Case study: MS? NAAION? None of the above?

September 4, 2024 Dr Andrew Thompson

A previously healthy 29-year-old New Zealand European female was referred with a four-week history of blurred central vision in the left eye and headaches after returning from her honeymoon in Italy. She’d had two episodes of blue and white flashing lights and the colour was desaturated in her left eye. Earlier the same day, the patient had seen a neurologist who considered the symptoms were not suggestive of demyelinating disease. During childhood, convergence exercises were implemented and Irlen lenses had been prescribed.
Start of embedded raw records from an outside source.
lemma mult_U_proj:
  assumes "M \<in> carrier_mat n n" "w \<in> carrier_vec n"
  shows "M *\<^sub>v U_proj \<chi> w = vec n (\<lambda>i. \<Sum>a\<in>UNIV. \<chi> (- a) * (M *\<^sub>v (\<rho> (unip a) *\<^sub>v w)) $ i)"
proof (rule eq_vecI)
  fix i assume "i < dim_vec (vec n (\<lambda>i. \<Sum>a\<in>UNIV. \<chi> (- a) * (M *\<^sub>v (\<rho> (unip a) *\<^sub>v w)) $ i))"
  hence i: "i < n" by simp
  have row: "(M *\<^sub>v V) $ i = (\<Sum>j<n. M $$ (i, j) * V $ j)" if "V \<in> carrier_vec n" for V
    using assms(1) that i by (simp add: scalar_prod_def lessThan_atLeast0)
  have "(M *\<^sub>v U_proj \<chi> w) $ i = (\<Sum>j<n. M $$ (i, j) * (\<Sum>a\<in>UNIV. \<chi> (- a) * (\<rho> (unip a) *\<^sub>v w) $ j))"
    by (simp add: row U_proj_def)
  also have "\<dots> = (\<Sum>a\<in>UNIV. \<chi> (- a) * (\<Sum>j<n. M $$ (i, j) * (\<rho> (unip a) *\<^sub>v w) $ j))"
    by (simp add: sum_distrib_left ac_simps sum.swap[of _ "{..<n}"])
  also have "\<dots> = (\<Sum>a\<in>UNIV. \<chi> (- a) * (M *\<^sub>v (\<rho> (unip a) *\<^sub>v w)) $ i)"
    by (simp add: row)
  finally show "(M *\<^sub>v U_proj \<chi> w) $ i = vec n (\<lambda>i. \<Sum>a\<in>UNIV. \<chi> (- a) * (M *\<^sub>v (\<rho> (unip a) *\<^sub>v w)) $ i) $ i"
    using i by simp
qed (use assms in simp)

text \<open>Fourier inversion on U: w is the sum over c of its components U_proj (\<lambda>a. \<psi> (c * a)) w,
  because the characters a \<mapsto> \<psi>(ca) are orthogonal when \<psi> is primitive.\<close>

lemma U_proj_nonzero_for_some:
  assumes "primitive_char l unif \<psi>" "w \<in> carrier_vec n" "w \<noteq> 0\<^sub>v n"
  shows "\<exists>c. U_proj (\<lambda>a. \<psi> (c * a)) w \<noteq> 0\<^sub>v n"
proof (rule ccontr)
  assume "\<nexists>c. U_proj (\<lambda>a. \<psi> (c * a)) w \<noteq> 0\<^sub>v n"
  hence z: "\<And>c. U_proj (\<lambda>a. \<psi> (c * a)) w = 0\<^sub>v n" by blast
  have orth: "(\<Sum>c\<in>UNIV. \<psi> (c * - a)) = (if a = 0 then of_nat (card (UNIV :: 'r set)) else 0)" for a
    using assms(1) primitive_char_sum_eq_0[OF assms(1), of "- a"]
    by (auto simp: primitive_char_def add_char_zero)
  have "w = 0\<^sub>v n"
  proof (rule eq_vecI)
    fix i assume "i < dim_vec (0\<^sub>v n :: complex vec)"
    hence i: "i < n" by simp
    have "0 = (\<Sum>c\<in>UNIV. U_proj (\<lambda>a. \<psi> (c * a)) w $ i)" using z i by simp
    also have "\<dots> = (\<Sum>c\<in>UNIV. \<Sum>a\<in>UNIV. \<psi> (c * - a) * (\<rho> (unip a) *\<^sub>v w) $ i)"
      using i by (simp add: U_proj_def)
    also have "\<dots> = (\<Sum>a\<in>UNIV. (\<Sum>c\<in>UNIV. \<psi> (c * - a)) * (\<rho> (unip a) *\<^sub>v w) $ i)"
      by (subst sum.swap) (simp add: sum_distrib_right)
    also have "\<dots> = (\<Sum>a\<in>UNIV. if a = 0 then of_nat (card (UNIV :: 'r set)) * (\<rho> (unip a) *\<^sub>v w) $ i else 0)"
      using orth by (intro sum.cong) auto
    also have "\<dots> = of_nat (card (UNIV :: 'r set)) * w $ i"
      using assms(2) by (simp add: unip_zero rho_one_mult_vec)
    finally show "w $ i = 0\<^sub>v n $ i" using i by simp
  qed (use assms in simp)
  thus False using assms(3) by simp
qed

lemma U_proj_eigenvalue:
  assumes "add_char \<chi>" "w \<in> carrier_vec n"
    and "\<rho> (unip \<beta>) *\<^sub>v w = k \<cdot>\<^sub>v w" "U_proj \<chi> w \<noteq> 0\<^sub>v n"
  shows "\<chi> \<beta> = k"
proof -
  have "\<chi> \<beta> \<cdot>\<^sub>v U_proj \<chi> w = k \<cdot>\<^sub>v U_proj \<chi> w"
    using U_proj_unip[OF assms(1,2), of \<beta>] assms(3) U_proj_smult[OF assms(2)] by simp
  moreover obtain i where "i < n" "U_proj \<chi> w $ i \<noteq> 0"
    using nonzero_vec_index[OF assms(4) U_proj_dim] by blast
  ultimately show ?thesis by (metis U_proj_dim index_smult_vec(1) mult_cancel_right)
qed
Medical history was unremarkable but there was a positive family history of multiple sclerosis, with the patient’s mother affected.

 

On examination, right and left unaided visual acuities were 6/6. There was no relative afferent pupillary defect and visual fields were full to confrontation. All Ishihara colour vision plates were correctly identified when each eye was tested independently. Anterior segment examination was unremarkable in both eyes and there was no intraocular inflammation. Retinal examination showed a remnant of glial tissue at the right optic nerve but no other abnormalities. In the left eye there was inflammation adjacent to the nasal margin of the optic nerve head (Fig 1). Peripheral retinal examination was unremarkable and there was no vasculitis.

 

 

 

Fig 1. Widefield colour fundus photograph of the right eye shows a glial tissue remnant on the nasal aspect of the optic nerve head. Fundus photograph of the left eye shows inflammation adjacent to the nasal margin of the optic nerve head

 

 

Automated visual field testing was normal for the right eye and the left showed patchy nonspecific changes temporally and in the superior field (Fig 2). Macular OCT scans were normal. The OCT retinal nerve fibre layer thickness scans demonstrated the glial tissue remnant at the right optic nerve head and optic nerve head swelling in the left eye (Fig 3).

 

 

 

Fig 2. Humphrey visual field of the left eye showing patchy, nonspecific changes temporally and in the superior field. The right field is normal

 

 

 

Fig 3. The OCT retinal nerve fibre layer thickness scan of the right eye is normal. The OCT scan of the left eye demonstrates optic nerve head swelling

 

 

Diagnosis

 

The differential diagnosis in this case includes:

  • Non-arteritic anterior ischaemic optic neuropathy (NAAION)
  • Multiple sclerosis (MS)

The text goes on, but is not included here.